Data Coverage
Explains the measurable breadth of tasks, tools, environments, and workflows represented in the dataset.
Coverage is not a function of volume.
It is a function of how much of the real interaction space is captured in a form that is learnable, reproducible, and aligned with actual human execution.
Scale Metrics
The dataset is built to operate at large-scale model and agent training.
Task Creation
Feature-level completeness alone is a weak proxy for learning. Many features are rarely used, weakly tied to outcomes, or do not require meaningful reasoning. Optimizing for feature coverage only, leads to shallow interaction surfaces.
Coverage is built by breaking tools into foundational blocks and features:
- Function Mapping defines how users interact with the UI (navigation, layout, interaction patterns)
- Feature Mapping defines what the tool enables (its core capabilities or use cases)
They are covered through tasks at different levels of task complexity.

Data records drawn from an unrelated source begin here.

(* Let $n\ge 0$ and $-1\le i,j\le n$ be integers, and let $p\in\Gamma_n$ be written as a concatenation $p=c\,q_2\,b\,q_1\,a$ of paths with $q_1\in\Gamma_i$ and $q_2\in\Gamma_j$. Then $i+j\le n-1$.
   Context: Let $\Bbbk$ be a field, $Q=(Q_0,Q_1,s,t)$ a finite quiver, and $A=\Bbbk Q/I$ a finite-dimensional monomial algebra, i.e. $I$ is an ideal generated by paths of length at least $2$. Paths are written from right to left: a path is $p=\alpha_n\cdots\alpha_1$ with arrows $\alpha_i$ and $t(\alpha_i)=s(\alpha_{i+1})$; vertices are the paths of length $0$; $qp$ denotes concatenation when $t(p)=s(q)$. Let $\mathcal B$ be the set of paths not lying in $I$. A suffix of a path $p$ is a path $q$ with $p=qa$; a prefix is a path $q$ with $p=bq$; proper means $q\ne p$. For $n\ge -1$, a left $n$-ambiguity is a path $p$ with a decomposition $p=u_{-1}u_0u_1\cdots u_n$ such that $u_{-1}\in Q_0$, $u_0\in Q_1$, $u_i\in\mathcal B$ for all $i$, and for every $0\le i\le n-1$, $u_iu_{i+1}\in I$ while no proper suffix of $u_iu_{i+1}$ lies in $I$. A right $n$-ambiguity is a path with a decomposition $p=v_n\cdots v_0v_{-1}$ with $v_{-1}\in Q_0$, $v_0\in Q_1$, $v_i\in\mathcal B$, and for $0\le i\le n-1$, $v_{i+1}v_i\in I$ while no proper prefix of $v_{i+1}v_i$ lies in $I$. A path is a left $n$-ambiguity iff it is a right $n$-ambiguity; such paths are called $n$-ambiguities, and $\Gamma_n$ denotes their set. *)

theory Defs
  imports Main
begin

record ('v, 'a) quiver =
  verts :: "'v set"
  arrs  :: "'a set"
  src   :: "'a \<Rightarrow> 'v"
  tgt   :: "'a \<Rightarrow> 'v"

text \<open>A path p = alpha_n ... alpha_1 is stored by its source vertex and its list of
  arrows in written (right-to-left) order [alpha_n, ..., alpha_1].\<close>
datatype ('v, 'a) qpath = QPath (pstart: 'v) (parrs: "'a list")

definition plen :: "('v, 'a) qpath \<Rightarrow> nat" where
  "plen p = length (parrs p)"

definition is_path :: "('v, 'a, 'b) quiver_scheme \<Rightarrow> ('v, 'a) qpath \<Rightarrow> bool" where
  "is_path Q p \<longleftrightarrow> pstart p \<in> verts Q \<and> set (parrs p) \<subseteq> arrs Q
     \<and> (parrs p \<noteq> [] \<longrightarrow> src Q (last (parrs p)) = pstart p)
     \<and> (\<forall>k. Suc k < length (parrs p) \<longrightarrow> src Q (parrs p ! k) = tgt Q (parrs p ! Suc k))"

definition pend :: "('v, 'a, 'b) quiver_scheme \<Rightarrow> ('v, 'a) qpath \<Rightarrow> 'v" where
  "pend Q p = (if parrs p = [] then pstart p else tgt Q (hd (parrs p)))"

text \<open>Concatenation qp (first p, then q), meaningful when t(p) = s(q).\<close>
definition pcat :: "('v, 'a) qpath \<Rightarrow> ('v, 'a) qpath \<Rightarrow> ('v, 'a) qpath" where
  "pcat q p = QPath (pstart p) (parrs q @ parrs p)"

Tasks are divided into five types:
- Elementary (1 step): single UI interactions covering basic actions
- Atomic (2–3 steps): short sequences covering simple feature usage
- Multi-Step (4–15 steps): combines multiple features to complete a specific goal
- Workflow (15+ steps): long-horizon execution with retries, backtracking, and context switching
- Games: interactive tasks with dynamic state changes and variable-length execution
Reasoning traces are aligned with these tasks to capture intent-based decision-making across steps.
Outcome
- UI interaction space is fully covered
- Tool capabilities are exercised across increasing complexity
- Tasks capture both execution and reasoning behavior
Coverage
Each trajectory corresponds to a goal-completion, where a user moves from an intent to a verifiable outcome. Tasks are distributed on the core function of user intent:
Creation
Generating documents, designs, structured content
Modification
Editing, formatting, transforming existing files
Retrieval
Search, navigation, information extraction
Configuration
Settings, permissions, system adjustments
Transactional
Booking, shortlisting, and submissions
Communication
Messaging, scheduling, collaboration
Analytical
Structured data, dashboards, reporting
Diversity
Task diversity emerges naturally throughout the data collection process from variation across multiple axes:
| Source of Variability | How it Varies |
|---|---|
| Execution | Multiple valid approaches exist for the same task, with operator-specific strategies, action ordering, and variation in decision paths and intermediate steps. |
| Cross-Tool Trajectories | Tasks span multiple tools and interfaces, requiring transition of context, data, and documents across environments, often forming workflows that cannot be completed within a single tool. |
| Environment | Tasks are executed across different screen resolutions, device configurations, operating systems, UI layouts, themes (light/dark), and dynamic UI states such as popups, async loading, and conditional rendering. |
| Context | Execution begins from non-canonical starting states, including pre-existing files, sessions, and dashboards, where prior context and system conditions directly influence task behavior. |
| Interaction Diversity | Tasks involve varied input modalities including mouse, keyboard, and gestures, with differences in timing, latency, execution speed, and natural inclusion of retries, backtracking, and corrections. |
Domain Coverage
Domain coverage defines where tasks occur and how interaction patterns are distributed across real software ecosystems. Percentages are normalized against total task volume (~201K tasks).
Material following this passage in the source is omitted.